# Aim of the exercise
In the records that follow, find the line with "proof (rule touching_hess_ineq[OF U(3,1)"; from there, retype every line exactly through the line with "obtains z a", which also belongs to the answer.

======

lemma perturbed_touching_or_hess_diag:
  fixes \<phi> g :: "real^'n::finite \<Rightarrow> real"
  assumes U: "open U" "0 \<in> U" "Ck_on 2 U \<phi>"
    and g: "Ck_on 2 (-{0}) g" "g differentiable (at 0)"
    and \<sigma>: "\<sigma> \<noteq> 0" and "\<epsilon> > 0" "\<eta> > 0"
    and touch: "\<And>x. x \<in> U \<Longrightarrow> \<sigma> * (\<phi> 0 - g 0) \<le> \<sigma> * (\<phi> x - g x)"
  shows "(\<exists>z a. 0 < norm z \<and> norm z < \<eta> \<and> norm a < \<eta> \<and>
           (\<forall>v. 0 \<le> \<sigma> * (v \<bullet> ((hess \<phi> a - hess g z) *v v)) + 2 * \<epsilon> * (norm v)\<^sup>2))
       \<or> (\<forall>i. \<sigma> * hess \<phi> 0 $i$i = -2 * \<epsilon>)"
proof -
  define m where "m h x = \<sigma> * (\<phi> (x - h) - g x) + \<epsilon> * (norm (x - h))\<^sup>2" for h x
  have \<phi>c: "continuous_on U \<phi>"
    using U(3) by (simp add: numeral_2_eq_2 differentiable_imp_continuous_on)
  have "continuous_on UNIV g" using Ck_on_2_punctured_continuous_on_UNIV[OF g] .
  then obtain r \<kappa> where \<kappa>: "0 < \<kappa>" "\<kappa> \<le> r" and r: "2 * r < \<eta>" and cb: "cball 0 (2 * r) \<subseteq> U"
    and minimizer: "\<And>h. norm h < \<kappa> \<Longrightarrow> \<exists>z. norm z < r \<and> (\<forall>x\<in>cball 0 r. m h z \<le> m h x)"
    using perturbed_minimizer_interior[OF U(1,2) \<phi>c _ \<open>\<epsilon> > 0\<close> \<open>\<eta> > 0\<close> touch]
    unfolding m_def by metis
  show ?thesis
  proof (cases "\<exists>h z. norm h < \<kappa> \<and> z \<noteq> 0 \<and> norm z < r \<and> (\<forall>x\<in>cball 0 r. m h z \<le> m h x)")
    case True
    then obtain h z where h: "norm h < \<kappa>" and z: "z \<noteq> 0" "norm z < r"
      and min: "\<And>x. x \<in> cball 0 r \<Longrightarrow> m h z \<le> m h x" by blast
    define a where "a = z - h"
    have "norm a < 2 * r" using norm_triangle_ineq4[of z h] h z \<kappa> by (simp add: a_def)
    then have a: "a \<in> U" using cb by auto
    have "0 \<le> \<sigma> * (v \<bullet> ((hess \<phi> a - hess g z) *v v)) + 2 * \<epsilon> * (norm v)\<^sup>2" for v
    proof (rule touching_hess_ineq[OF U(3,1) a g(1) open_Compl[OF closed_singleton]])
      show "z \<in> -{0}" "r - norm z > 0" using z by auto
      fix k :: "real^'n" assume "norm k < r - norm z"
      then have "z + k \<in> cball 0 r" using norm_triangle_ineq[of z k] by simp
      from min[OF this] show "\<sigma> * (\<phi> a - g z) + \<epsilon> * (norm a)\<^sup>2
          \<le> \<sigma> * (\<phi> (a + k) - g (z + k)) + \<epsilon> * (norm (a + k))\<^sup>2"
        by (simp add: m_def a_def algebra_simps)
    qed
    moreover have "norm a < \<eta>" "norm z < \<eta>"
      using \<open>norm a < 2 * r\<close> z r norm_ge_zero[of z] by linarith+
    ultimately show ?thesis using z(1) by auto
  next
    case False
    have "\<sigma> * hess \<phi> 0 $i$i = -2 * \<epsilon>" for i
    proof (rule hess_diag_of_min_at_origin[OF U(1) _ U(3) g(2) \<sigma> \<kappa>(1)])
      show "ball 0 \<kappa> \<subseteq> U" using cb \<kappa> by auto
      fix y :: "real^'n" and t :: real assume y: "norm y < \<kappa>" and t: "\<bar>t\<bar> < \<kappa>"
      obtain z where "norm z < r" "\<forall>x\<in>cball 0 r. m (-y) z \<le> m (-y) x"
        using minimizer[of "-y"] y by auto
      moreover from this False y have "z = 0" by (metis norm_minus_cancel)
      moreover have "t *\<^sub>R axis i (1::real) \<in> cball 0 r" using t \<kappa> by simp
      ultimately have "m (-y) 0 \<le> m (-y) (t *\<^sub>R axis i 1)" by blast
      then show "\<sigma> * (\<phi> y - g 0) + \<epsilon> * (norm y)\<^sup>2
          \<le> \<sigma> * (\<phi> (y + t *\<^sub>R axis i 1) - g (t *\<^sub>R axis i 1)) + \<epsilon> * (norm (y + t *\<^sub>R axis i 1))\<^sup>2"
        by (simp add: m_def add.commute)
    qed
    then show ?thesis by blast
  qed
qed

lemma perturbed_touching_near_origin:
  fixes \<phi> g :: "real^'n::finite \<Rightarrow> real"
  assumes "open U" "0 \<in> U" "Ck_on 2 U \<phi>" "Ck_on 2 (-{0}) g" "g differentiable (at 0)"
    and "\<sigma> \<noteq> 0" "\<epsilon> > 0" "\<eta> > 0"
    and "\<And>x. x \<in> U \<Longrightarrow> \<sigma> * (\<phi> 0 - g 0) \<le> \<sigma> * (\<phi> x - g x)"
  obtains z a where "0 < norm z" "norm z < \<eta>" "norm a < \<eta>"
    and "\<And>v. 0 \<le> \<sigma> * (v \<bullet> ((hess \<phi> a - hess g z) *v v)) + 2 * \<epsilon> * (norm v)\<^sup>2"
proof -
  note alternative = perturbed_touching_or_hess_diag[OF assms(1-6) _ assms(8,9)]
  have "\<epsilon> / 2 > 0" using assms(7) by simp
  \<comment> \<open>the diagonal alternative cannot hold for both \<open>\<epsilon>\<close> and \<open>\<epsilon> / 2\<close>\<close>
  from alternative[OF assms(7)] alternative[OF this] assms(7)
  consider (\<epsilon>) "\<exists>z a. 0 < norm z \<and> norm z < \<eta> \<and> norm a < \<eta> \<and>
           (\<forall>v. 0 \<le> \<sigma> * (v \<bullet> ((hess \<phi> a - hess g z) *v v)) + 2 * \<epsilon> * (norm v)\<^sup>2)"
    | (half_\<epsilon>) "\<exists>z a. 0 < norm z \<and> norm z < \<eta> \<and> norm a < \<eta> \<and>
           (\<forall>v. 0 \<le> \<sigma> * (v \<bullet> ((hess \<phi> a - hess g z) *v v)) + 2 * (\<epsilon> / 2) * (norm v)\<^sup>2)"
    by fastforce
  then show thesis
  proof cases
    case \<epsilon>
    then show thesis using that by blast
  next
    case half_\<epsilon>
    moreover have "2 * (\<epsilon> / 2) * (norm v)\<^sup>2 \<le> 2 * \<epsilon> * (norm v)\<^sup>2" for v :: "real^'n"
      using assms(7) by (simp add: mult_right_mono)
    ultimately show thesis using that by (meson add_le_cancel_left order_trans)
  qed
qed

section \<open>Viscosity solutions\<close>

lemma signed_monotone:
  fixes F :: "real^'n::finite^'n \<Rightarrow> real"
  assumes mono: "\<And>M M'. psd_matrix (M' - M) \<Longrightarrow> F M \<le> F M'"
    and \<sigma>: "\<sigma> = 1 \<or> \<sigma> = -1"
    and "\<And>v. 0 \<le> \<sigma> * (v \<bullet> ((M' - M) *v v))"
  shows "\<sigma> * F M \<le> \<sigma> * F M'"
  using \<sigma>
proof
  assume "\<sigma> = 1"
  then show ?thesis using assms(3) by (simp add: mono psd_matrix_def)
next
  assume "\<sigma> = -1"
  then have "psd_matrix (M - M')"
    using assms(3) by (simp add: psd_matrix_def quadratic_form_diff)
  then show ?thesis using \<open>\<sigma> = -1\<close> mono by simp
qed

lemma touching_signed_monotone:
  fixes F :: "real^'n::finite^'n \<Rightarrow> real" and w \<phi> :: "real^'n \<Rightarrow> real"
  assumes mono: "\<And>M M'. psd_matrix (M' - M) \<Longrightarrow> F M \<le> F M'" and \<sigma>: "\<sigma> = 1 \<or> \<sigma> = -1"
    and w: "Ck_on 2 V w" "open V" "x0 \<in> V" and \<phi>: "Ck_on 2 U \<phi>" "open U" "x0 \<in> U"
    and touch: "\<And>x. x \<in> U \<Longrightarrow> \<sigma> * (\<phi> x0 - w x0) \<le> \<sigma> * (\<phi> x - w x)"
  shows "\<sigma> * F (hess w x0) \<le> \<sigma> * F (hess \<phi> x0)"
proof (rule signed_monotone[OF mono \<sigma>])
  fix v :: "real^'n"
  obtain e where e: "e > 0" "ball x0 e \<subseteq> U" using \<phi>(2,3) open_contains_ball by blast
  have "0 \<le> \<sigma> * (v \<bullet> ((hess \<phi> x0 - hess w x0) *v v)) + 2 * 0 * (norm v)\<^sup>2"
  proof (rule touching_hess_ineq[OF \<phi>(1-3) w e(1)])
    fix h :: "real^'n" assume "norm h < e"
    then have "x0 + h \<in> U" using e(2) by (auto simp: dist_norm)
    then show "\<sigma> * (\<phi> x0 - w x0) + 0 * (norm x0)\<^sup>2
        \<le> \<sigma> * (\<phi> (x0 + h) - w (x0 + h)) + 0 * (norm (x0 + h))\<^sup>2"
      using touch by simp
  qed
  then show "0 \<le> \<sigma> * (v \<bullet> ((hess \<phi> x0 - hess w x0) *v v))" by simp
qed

======

# Response to this task
    proof (rule touching_hess_ineq[OF U(3,1) a g(1) open_Compl[OF closed_singleton]])
      show "z \<in> -{0}" "r - norm z > 0" using z by auto
      fix k :: "real^'n" assume "norm k < r - norm z"
      then have "z + k \<in> cball 0 r" using norm_triangle_ineq[of z k] by simp
      from min[OF this] show "\<sigma> * (\<phi> a - g z) + \<epsilon> * (norm a)\<^sup>2
          \<le> \<sigma> * (\<phi> (a + k) - g (z + k)) + \<epsilon> * (norm (a + k))\<^sup>2"
        by (simp add: m_def a_def algebra_simps)
    qed
    moreover have "norm a < \<eta>" "norm z < \<eta>"
      using \<open>norm a < 2 * r\<close> z r norm_ge_zero[of z] by linarith+
    ultimately show ?thesis using z(1) by auto
  next
    case False
    have "\<sigma> * hess \<phi> 0 $i$i = -2 * \<epsilon>" for i
    proof (rule hess_diag_of_min_at_origin[OF U(1) _ U(3) g(2) \<sigma> \<kappa>(1)])
      show "ball 0 \<kappa> \<subseteq> U" using cb \<kappa> by auto
      fix y :: "real^'n" and t :: real assume y: "norm y < \<kappa>" and t: "\<bar>t\<bar> < \<kappa>"
      obtain z where "norm z < r" "\<forall>x\<in>cball 0 r. m (-y) z \<le> m (-y) x"
        using minimizer[of "-y"] y by auto
      moreover from this False y have "z = 0" by (metis norm_minus_cancel)
      moreover have "t *\<^sub>R axis i (1::real) \<in> cball 0 r" using t \<kappa> by simp
      ultimately have "m (-y) 0 \<le> m (-y) (t *\<^sub>R axis i 1)" by blast
      then show "\<sigma> * (\<phi> y - g 0) + \<epsilon> * (norm y)\<^sup>2
          \<le> \<sigma> * (\<phi> (y + t *\<^sub>R axis i 1) - g (t *\<^sub>R axis i 1)) + \<epsilon> * (norm (y + t *\<^sub>R axis i 1))\<^sup>2"
        by (simp add: m_def add.commute)
    qed
    then show ?thesis by blast
  qed
qed

lemma perturbed_touching_near_origin:
  fixes \<phi> g :: "real^'n::finite \<Rightarrow> real"
  assumes "open U" "0 \<in> U" "Ck_on 2 U \<phi>" "Ck_on 2 (-{0}) g" "g differentiable (at 0)"
    and "\<sigma> \<noteq> 0" "\<epsilon> > 0" "\<eta> > 0"
    and "\<And>x. x \<in> U \<Longrightarrow> \<sigma> * (\<phi> 0 - g 0) \<le> \<sigma> * (\<phi> x - g x)"
  obtains z a where "0 < norm z" "norm z < \<eta>" "norm a < \<eta>"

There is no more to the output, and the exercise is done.